Regularization for Simplicity: Lambda

Model developers tune the overall impact of the regularization term by multiplying its value by a scalar known as lambda (also called the regularization rate). That is, model developers aim to do the following:

$$\text{minimize(Loss(Data|Model)} + \lambda \text{ complexity(Model))}$$

Performing L2 regularization has the following effect on a model

  • Encourages weight values toward 0 (but not exactly 0)
  • Encourages the mean of the weights toward 0, with a normal (bell-shaped or Gaussian) distribution.

Increasing the lambda value strengthens the regularization effect. For example, the histogram of weights for a high value of lambda might look as shown in Figure 2.

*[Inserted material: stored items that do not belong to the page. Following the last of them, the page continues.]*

definition choice_ok :: "('q \<times> 'd) list \<Rightarrow> 'ap set \<Rightarrow> ('d list \<Rightarrow> 'q set) \<Rightarrow> bool" where
  "choice_ok y a J \<longleftrightarrow> a \<in> {Lab (snd (Lr y)), insert p (Lab (snd (Lr y)))} \<and>
     (\<forall>w\<in>dirs y. J w \<subseteq> child_states Tr Lr y w \<inter> (Ql \<union> L)) \<and>
     models (dirs y) J (delta A (fst (Lr y)) a) \<and> functional_interp Ql (dirs y) J"

lemma choice_ok_exists:
  assumes y: "y \<in> Tr" and q: "fst (Lr y) \<in> Ql"
  shows "\<exists>a J. choice_ok y a J"
proof -
  let ?q = "fst (Lr y)" and ?w = "snd (Lr y)"
  have letters: "Lab ?w \<in> alph A" "insert p (Lab ?w) \<in> alph A"
    using Lr_in[OF y] Lab_in p_in_AP alph_A by auto
  have closed: "fv (delta A ?q a) = {}" if "a \<in> alph A" for a
    using delta_closed Lr_in[OF y] that by auto
  have "models (dirs y) (child_states Tr Lr y) (Or (delta A ?q (Lab ?w)) (delta A ?q (insert p (Lab ?w))))"
    using is_runD(3)[OF run y] q by simp
  from models_OrD[OF closed[OF letters(1)] closed[OF letters(2)] this]
  obtain a where a: "a \<in> {Lab ?w, insert p (Lab ?w)}"
    and m: "models (dirs y) (child_states Tr Lr y) (delta A ?q a)"
    by blast
  have "a \<in> alph A" using a letters by blast
  then have "functional_one_dir (states A) Ql (delta A ?q a)" using functional q by blast
  moreover have "\<forall>w\<in>dirs y. child_states Tr Lr y w \<subseteq> states A"
    using is_runD(2)[OF run y] by simp
  ultimately obtain J0 where J0: "\<forall>w\<in>dirs y. J0 w \<subseteq> child_states Tr Lr y w"
    "models (dirs y) J0 (delta A ?q a)" "functional_interp Ql (dirs y) J0"
    using functional_one_dir_shrink[OF _ finite_states _ m] by blast
  define J where "J w = J0 w \<inter> (Ql \<union> L)" for w
  have "atoms (delta A ?q a) \<subseteq> Ql \<union> L"
    using atoms_delta_component[OF hfta l_less q \<open>a \<in> alph A\<close>] .
  then have "models (dirs y) J (delta A ?q a)"
    by (intro models_cong_atoms[OF _ J0(2)]) (auto simp: J_def)
  moreover obtain s0 q0 where "s0 \<in> dirs y" "q0 \<in> Ql" "J0 s0 = {q0}"
    and "\<forall>s\<in>dirs y - {s0}. J0 s \<inter> Ql = {}"
    using J0(3) unfolding functional_interp_def by blast
  then have "functional_interp Ql (dirs y) J"
    unfolding functional_interp_def J_def by (intro bexI[of _ s0] bexI[of _ q0]) auto
  moreover have "\<forall>w\<in>dirs y. J w \<subseteq> child_states Tr Lr y w \<inter> (Ql \<union> L)"
    using J0(1) by (auto simp: J_def)
  ultimately have "choice_ok y a J" unfolding choice_ok_def using a by blast
  then show ?thesis by blast
qed

definition chosen :: "('q \<times> 'd) list \<Rightarrow> 'ap set \<times> ('d list \<Rightarrow> 'q set)" where
  "chosen y = (SOME aJ. choice_ok y (fst aJ) (snd aJ))"

lemma choice_ok_chosen:
  assumes "y \<in> Tr" and "fst (Lr y) \<in> Ql"
  shows "choice_ok y (fst (chosen y)) (snd (chosen y))"
proof -
  obtain a J where "choice_ok y a J" using choice_ok_exists[OF assms] by blast
  then have "\<exists>aJ. choice_ok y (fst aJ) (snd aJ)" by auto
  then show ?thesis unfolding chosen_def by (rule someI_ex)
qed

text \<open>Outside Q_l the run is in a lower component (pruned_states), whose transitions only
  mention lower states; restricting the successors to them keeps the pruned run out of Q_l.\<close>

definition kept_states :: "('q \<times> 'd) list \<Rightarrow> 'd list \<Rightarrow> 'q set" where
  "kept_states y = (if fst (Lr y) \<in> Ql then snd (chosen y) else (\<lambda>w. child_states Tr Lr y w \<inter> L))"

definition kept_labels :: "('q \<times> 'd) list \<Rightarrow> ('q \<times> 'd list) set" where
  "kept_labels y = {(q, w). w \<in> dirs y \<and> q \<in> kept_states y w}"

lemma kept_states_subset:
  "y \<in> Tr \<Longrightarrow> w \<in> dirs y \<Longrightarrow> kept_states y w \<subseteq> child_states Tr Lr y w \<inter> (Ql \<union> L)"
  using choice_ok_chosen unfolding kept_states_def choice_ok_def by auto

lemma kept_labels_subset: "y \<in> Tr \<Longrightarrow> kept_labels y \<subseteq> Lr ` children Tr y"
  using kept_states_subset is_runD(4)[OF run] unfolding kept_labels_def by blast

lemma kept_labels_lower: "(q, w) \<in> kept_labels y \<Longrightarrow> fst (Lr y) \<notin> Ql \<Longrightarrow> q \<in> L"
  unfolding kept_labels_def kept_states_def by simp

lemma functional_kept_states:
  "y \<in> Tr \<Longrightarrow> fst (Lr y) \<in> Ql \<Longrightarrow> functional_interp Ql (dirs y) (kept_states y)"
  using choice_ok_chosen unfolding kept_states_def choice_ok_def by simp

Histogram of a model's weights with a mean of zero and a normal distribution.

Figure 2. Histogram of weights.

Lowering the value of lambda tends to yield a flatter histogram, as shown in Figure 3.

Histogram of a model's weights with a mean of zero that is somewhere between a flat distribution and a normal distribution.

Figure 3. Histogram of weights produced by a lower lambda value.

When choosing a lambda value, the goal is to strike the right balance between simplicity and training-data fit:

  • If your lambda value is too high, your model will be simple, but you run the risk of underfitting your data. Your model won't learn enough about the training data to make useful predictions.

  • If your lambda value is too low, your model will be more complex, and you run the risk of overfitting your data. Your model will learn too much about the particularities of the training data, and won't be able to generalize to new data.

The ideal value of lambda produces a model that generalizes well to new, previously unseen data. Unfortunately, that ideal value of lambda is data-dependent, so you'll need to do some tuning.